**WORK REQUEST**
Show, from the entries below, every line in which "cases" appears.

▼

lemma lcomp_diag_e: "lcomp diag e = f"
proof (rule lens_eqI)
  show "FO (lcomp diag e) x = FO f x" for x
    using diag_obj_FO_e lens_FO[OF e] lens_FO_undefined[OF f] Src_f by (simp add: diag_def)
  show "FA (lcomp diag e) u = FA f u" for u
  proof (cases "u \<in> Arr A")
    case True
    have "Put m (FO f (Dom A u)) (FA m (FA f u)) = FA f u"
      using Put_FA_if_inj_on_FA[OF m inj] lens_FA[OF f] lens_Dom_FA[OF f] True Src_f Tgt_f by simp
    then show ?thesis
      using True lens_FA[OF e True] lens_Dom_FA[OF e True] diag_obj_FO_e cat_Dom[OF lens_Src[OF e] True]
        square_FA[OF True]
      by (simp add: diag_def)
  qed (simp add: lens_FA_undefined[OF f] Src_f)
  show "Put (lcomp diag e) x c = Put f x c" for x c
  proof (cases "x \<in> Obj A \<and> c \<in> Arr C \<and> Dom C c = FO f x")
    case True
    have "FA m c \<in> Arr D" "Dom D (FA m c) = FO g (FO e x)"
      using lens_FA[OF m] lens_Dom_FA[OF m] True square_FO by auto
    then have "Put e x (Put g (FO e x) (FA m c)) = Put f x c"
      using square_Put True Put_FA_if_inj_on_FA[OF m inj] by simp
    then show ?thesis using True lens_FO[OF e] diag_obj_FO_e by (simp add: diag_def)
  next
    case False
    then show ?thesis
      using lens_Put_undefined[OF f, of x c] diag_obj_FO_e lens_FO[OF e] Src_f Tgt_f by (auto simp: diag_def)
  qed
qed (simp_all add: diag_def Src_f Tgt_f)

lemma lcomp_m_diag: "lcomp m diag = g"
proof (rule lens_eqI)
  show "FO (lcomp m diag) y = FO g y" for y
    using diag_obj lens_FO_undefined[OF g] Src_g by (simp add: diag_def)
  show "FA (lcomp m diag) u = FA g u" for u
    using diag_FA lens_FA_undefined[OF g] Src_g by (simp add: diag_def)
  show "Put (lcomp m diag) y d = Put g y d" for y d
  proof (cases "y \<in> Obj B \<and> d \<in> Arr D \<and> Dom D d = FO g y")
    case True
    then have "Put m (diag_obj y) d \<in> Arr C" "Dom C (Put m (diag_obj y) d) = diag_obj y"
      "FA m (Put m (diag_obj y) d) = d"
      using lens_Put[OF m] lens_Dom_Put[OF m] lens_FA_Put[OF m] diag_obj by auto
    then show ?thesis using True diag_obj by (simp add: diag_def)
  next
    case False
    then show ?thesis using lens_Put_undefined[OF g, of y d] diag_obj Src_g Tgt_g by (auto simp: diag_def)
  qed
qed (simp_all add: diag_def Src_g Tgt_g)

lemma diagonal_exists: "\<exists>h. is_lens h \<and> Src h = Tgt e \<and> Tgt h = Src m \<and> lcomp h e = f \<and> lcomp m h = g"
  using is_lens_diag diag_Src_Tgt lcomp_diag_e lcomp_m_diag by blast

end

lemma lens_epi_left_orthI:
  assumes epi: "lens_epi e" and m: "is_lens m"
    and diagonal: "\<And>f g. is_lens f \<Longrightarrow> is_lens g \<Longrightarrow> Src f = Src e \<Longrightarrow> Tgt f = Src m \<Longrightarrow>
      Src g = Tgt e \<Longrightarrow> Tgt g = Tgt m \<Longrightarrow> lcomp g e = lcomp m f \<Longrightarrow>
      \<exists>h. is_lens h \<and> Src h = Tgt e \<and> Tgt h = Src m \<and> lcomp h e = f \<and> lcomp m h = g"
  shows "left_orth e m"
  unfolding left_orth_def
proof (intro conjI allI impI)
  show "is_lens e" using epi by (simp add: lens_epi_def)
  fix f g
  assume "is_lens f \<and> is_lens g \<and> Src f = Src e \<and> Tgt f = Src m \<and> Src g = Tgt e \<and> Tgt g = Tgt m \<and>
    lcomp g e = lcomp m f"
  then obtain h where h: "is_lens h \<and> Src h = Tgt e \<and> Tgt h = Src m \<and> lcomp h e = f \<and> lcomp m h = g"
    using diagonal by blast
  show "\<exists>!h. is_lens h \<and> Src h = Tgt e \<and> Tgt h = Src m \<and> lcomp h e = f \<and> lcomp m h = g"
    using h lens_epiD[OF epi] by (intro ex1I[of _ h]) auto
qed (fact m)

lemma surj_on_Obj_inj_on_FA_imp_left_orth:
  assumes e: "is_lens e" and surj: "FO e ` Obj (Src e) = Obj (Tgt e)"
    and m: "is_lens m" and inj: "inj_on (FA m) (Arr (Src m))"
  shows "left_orth e m"
  by (rule lens_epi_left_orthI[OF surj_on_Obj_imp_lens_epi[OF e surj] m])
    (simp add: lens_lifting_problem.diagonal_exists lens_lifting_problem_def e surj m inj)

section \<open>Embedding products into an infinite universe\<close>

unbundle cardinal_syntax

lemma inj_times_into_infinite:
  assumes "infinite (UNIV :: 'u set)" and "|UNIV :: 'v set| \<le>o |UNIV :: 'u set|"
  obtains i :: "'u \<times> 'v \<Rightarrow> 'u" where "inj i"
proof -
  have "|UNIV \<times> UNIV :: ('u \<times> 'v) set| =o |UNIV :: 'u set|"
    using card_of_Times_infinite[OF assms(1) _ assms(2)] by blast
  then show ?thesis using that by (metis card_of_ordIso bij_betw_def UNIV_Times_UNIV)
qed
theorem mainTheorem10:
  shows "(\<forall>n m. finite (CNM_classes n m)) \<and> (\<forall>k. finite (colored_classes k)) \<and>
    (\<exists>C::real. \<exists>K::nat. \<forall>n m. n + m + 1 \<ge> K \<longrightarrow>
        real (I_count n m) \<le> C * fact (n + m + 1) * (2.123::real) ^ (n + m + 1)) \<and>
    (\<forall>\<epsilon>>0::real. \<exists>K::nat. \<forall>n m. n + m + 1 \<ge> K \<longrightarrow>
        real (I_count n m) / real (L_count (n + m + 1)) < \<epsilon>)"
proof (intro conjI allI impI)
  fix n m show "finite (CNM_classes n m)" by (rule finite_CNM_classes)
next
  fix k show "finite (colored_classes k)" by (rule finite_colored_classes)
next
  obtain K where K: "\<And>n m. K \<le> n + m + 1 \<Longrightarrow> real (I_count n m) < 1 * fact (n + m + 1)"
    using I_count_little_o_fact[of 1] by auto
  have "real (I_count n m) \<le> 1 * fact (n + m + 1) * 2.123 ^ (n + m + 1)" if "K \<le> n + m + 1" for n m
  proof -
    have "fact (n + m + 1) * 1 \<le> fact (n + m + 1) * (2.123::real) ^ (n + m + 1)"
      by (intro mult_left_mono one_le_power) simp_all
    with K[OF that] show ?thesis by linarith
  qed
  then show "\<exists>C K. \<forall>n m. K \<le> n + m + 1 \<longrightarrow>
      real (I_count n m) \<le> C * fact (n + m + 1) * (2.123::real) ^ (n + m + 1)" by blast
next
  fix \<epsilon> :: real assume "\<epsilon> > 0"
  then show "\<exists>K. \<forall>n m. K \<le> n + m + 1 \<longrightarrow> real (I_count n m) / real (L_count (n + m + 1)) < \<epsilon>"
    using I_count_little_o_fact I_count_div_L_count_less by blast
qed

end
theorem lemma3p3:
  fixes sa :: "'k::field \<Rightarrow> 'a::{ring,monoid_mult} \<Rightarrow> 'a"
    and sb :: "'k \<Rightarrow> 'b::{ring,monoid_mult} \<Rightarrow> 'b"
    and st :: "'k \<Rightarrow> 't::ab_group_add \<Rightarrow> 't"
    and ss :: "'k \<Rightarrow> 's::ab_group_add \<Rightarrow> 's"
    and tp :: "'a \<Rightarrow> 'b \<Rightarrow> 't"
    and tpBA :: "'b \<Rightarrow> 'a \<Rightarrow> 's"
    and \<tau> :: "'s \<Rightarrow> 't"
    and m :: "'t \<Rightarrow> 't \<Rightarrow> 't"
  assumes "k_algebra sa" and "k_algebra sb"
    and "is_tensor_product sa sb st tp"
    and "is_tensor_product sb sa ss tpBA"
    and "twisting_map sa sb st tp ss tpBA \<tau>"
    and "twisted_mult sa sb st tp tpBA \<tau> m"
  shows "\<forall>U. lin_open (cofinite_ideal st m) U \<longrightarrow> lin_open (bang_basic sa sb st tp) U"
proof -
  interpret unital_twisted_tensor sa sb st tp tpBA \<tau> m
    using assms(1-3,5,6) unfolding twisting_map_def by unfold_locales blast+
  show ?thesis using lin_open_finer bang_basic_subset_cofinite_ideal by blast
qed

end
lemma RC_contact_form:
  assumes "admissible W"
  obtains d1 d2 e1 e2 g1 g2 where
    "RC p1 p2 W = vector [e1 * e2, d1 * e2, d2 * e1,
        (mix_u W - W$4) * e2 * g1, - (mix_u W - W$5) * e1 * g2]"
    and "W$2 * e1 + W$1 * d1 = W$1 * W$2 * g1"
    and "(1 - W$1) * d2 + (1 - W$1) * W$3 * g2 = W$3 * e2"
    and "(p1 (W$2) - p2 (W$3)) / mix_rho W * e1 + (snd_speed p1 (W$2))^2 / W$2 * d1
           = (mix_u W - W$4)^2 * g1"
    and "(p1 (W$2) - p2 (W$3)) / mix_rho W * e2 + (snd_speed p2 (W$3))^2 / W$3 * d2
           = - ((mix_u W - W$5)^2 * g2)"
proof -
  have nz: "W$1 \<noteq> 0" "1 - W$1 \<noteq> 0" "W$2 \<noteq> 0" "W$3 \<noteq> 0" "mix_rho W \<noteq> 0"
    using assms mix_rho_pos[OF assms] unfolding admissible_def by auto
  define dp where "dp = p1 (W$2) - p2 (W$3)"
  define d1 where "d1 = dp / mix_rho W - (mix_u W - W$4)^2 / W$1"
  define d2 where "d2 = dp / mix_rho W + (mix_u W - W$5)^2 / (1 - W$1)"
  define e1 where "e1 = ((mix_u W - W$4)^2 - (snd_speed p1 (W$2))^2) / W$2"
  define e2 where "e2 = ((mix_u W - W$5)^2 - (snd_speed p2 (W$3))^2) / W$3"
  define g1 where "g1 = (W$1 * dp - mix_rho W * (snd_speed p1 (W$2))^2) / (W$1 * W$2 * mix_rho W)"
  define g2 where "g2 = - ((1 - W$1) * dp + mix_rho W * (snd_speed p2 (W$3))^2)
                          / ((1 - W$1) * W$3 * mix_rho W)"
  show thesis
  proof (rule that)
    show "RC p1 p2 W = vector [e1 * e2, d1 * e2, d2 * e1,
        (mix_u W - W$4) * e2 * g1, - (mix_u W - W$5) * e1 * g2]"
      unfolding RC_def Let_def dp_def d1_def d2_def e1_def e2_def g1_def g2_def ..
    show "W$2 * e1 + W$1 * d1 = W$1 * W$2 * g1"
      unfolding d1_def e1_def g1_def by (rule contact_coefficient_relations(1)[OF nz])
    show "(1 - W$1) * d2 + (1 - W$1) * W$3 * g2 = W$3 * e2"
      unfolding d2_def e2_def g2_def by (rule contact_coefficient_relations(2)[OF nz])
    show "(p1 (W$2) - p2 (W$3)) / mix_rho W * e1 + (snd_speed p1 (W$2))^2 / W$2 * d1
           = (mix_u W - W$4)^2 * g1"
      unfolding d1_def e1_def g1_def dp_def by (rule contact_coefficient_relations(3)[OF nz])
    show "(p1 (W$2) - p2 (W$3)) / mix_rho W * e2 + (snd_speed p2 (W$3))^2 / W$3 * d2
           = - ((mix_u W - W$5)^2 * g2)"
      unfolding d2_def e2_def g2_def dp_def by (rule contact_coefficient_relations(4)[OF nz])
  qed
qed
(* Let $\lambda\in F$ be an element whose reduced word in the dual generators is $\hat x_r^{\alpha_r}\cdots\hat x_1^{\alpha_1}$ ($\hat x_k\in\{\hat m_1,\ldots,\hat b_g\}$, $\alpha_k\in\{\pm1\}$), and whose reduced word in $m_i,a_j,b_j$ has the form $w\,z\,w'$, where $w,w'$ are reduced words in $m_i,a_j,b_j$ and $z\in\{m_1^{\pm1},\ldots,b_g^{\pm1}\}$ is a single letter. Write $P_j=h_{j-1}\cdots h_1m_n\cdots m_1$ and $P'_j=h_j\cdots h_1m_n\cdots m_1$. Then: (i) if $w'=m_i\cdots m_1$ and $\hat x_1^{\alpha_1}\neq\hat m_i^{-1}$, then $z\in\{m_{i+1}^{\pm1},\ldots,m_n^{\pm1},a_1^{\pm1},\ldots,b_g^{\pm1}\}$; (ii) if $w'=m_{i-1}\cdots m_1$ and $\hat x_1^{\alpha_1}\neq\hat m_i$, then $z\in\{m_1^{\pm1},\ldots,m_{i-1}^{\pm1},m_i\}$; (iii) if $w'=P_j$ and $\hat x_1^{\alpha_1}\neq\hat a_j$, then $z\in\{m_1^{\pm1},\ldots,b_{j-1}^{\pm1},a_j\}$; (iv) if $w'=a_jP_j$ and $\hat x_1^{\alpha_1}\neq\hat a_j$, then $z\in\{b_j^{-1},a_{j+1}^{\pm1},\ldots,b_g^{\pm1}\}$; (v) if $w'=a_j^{-1}b_j^{-1}a_jP_j$ and $\hat x_1^{\alpha_1}\neq\hat a_j^{-1}$, then $z\in\{a_j^{-1},b_j^{\pm1},a_{j+1}^{\pm1},\ldots,b_g^{\pm1}\}$; (vi) if $w'=b_j^{-1}a_jP_j$ and $\hat x_1^{\alpha_1}\neq\hat a_j^{-1}$, then $z\in\{m_1^{\pm1},\ldots,b_{j-1}^{\pm1},a_j^{\pm1}\}$; (vii) if $w'=b_j^{-1}a_jP_j$ and $\hat x_1^{\alpha_1}\neq\hat b_j$, then $z\in\{a_j^{-1},b_j^{-1},a_{j+1}^{\pm1},\ldots,b_g^{\pm1}\}$; (viii) if $w'=a_jP_j$ and $\hat x_1^{\alpha_1}\neq\hat b_j$, then $z\in\{m_1^{\pm1},\ldots,b_{j-1}^{\pm1},a_j,b_j^{\pm1}\}$; (ix) if $w'=a_j^{-1}b_j^{-1}a_jP_j$ and $\hat x_1^{\alpha_1}\neq\hat b_j^{-1}$, then $z\in\{m_1^{\pm1},\ldots,b_{j-1}^{\pm1},b_j\}$; (x) if $w'=P'_j$ and $\hat x_1^{\alpha_1}\neq\hat b_j^{-1}$, then $z\in\{a_{j+1}^{\pm1},\ldots,b_g^{\pm1}\}$. Here a set such as $\{m_1^{\pm1},\ldots,b_{j-1}^{\pm1}\}$ denotes all letters $m_1^{\pm1},\ldots,m_n^{\pm1},a_1^{\pm1},b_1^{\pm1},\ldots,a_{j-1}^{\pm1},b_{j-1}^{\pm1}$, listed in the order $m_1,\ldots,m_n,a_1,b_1,\ldots,a_g,b_g$.
   Context: $F$ is the free group on $m_1,\ldots,m_n,a_1,b_1,\ldots,a_g,b_g$ (the fundamental group of a genus $g$ surface with $n$ punctures and a disc removed). Words are composed right to left. $h_j=b_ja_j^{-1}b_j^{-1}a_j$. The dual generators are $\hat m_i=m_1^{-1}\cdots m_{i-1}^{-1}m_i^{-1}m_{i-1}\cdots m_1$, $\hat a_j=m_1^{-1}\cdots m_n^{-1}h_1^{-1}\cdots h_j^{-1}b_jh_{j-1}\cdots h_1m_n\cdots m_1$, $\hat b_j=m_1^{-1}\cdots m_n^{-1}h_1^{-1}\cdots h_j^{-1}a_jh_{j-1}\cdots h_1m_n\cdots m_1$; they also freely generate $F$. *)

theory Defs
  imports Main
begin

▲

**RESPONSE TO THE TASK**
  proof (cases "u \<in> Arr A")
  proof (cases "x \<in> Obj A \<and> c \<in> Arr C \<and> Dom C c = FO f x")
  proof (cases "y \<in> Obj B \<and> d \<in> Arr D \<and> Dom D d = FO g y")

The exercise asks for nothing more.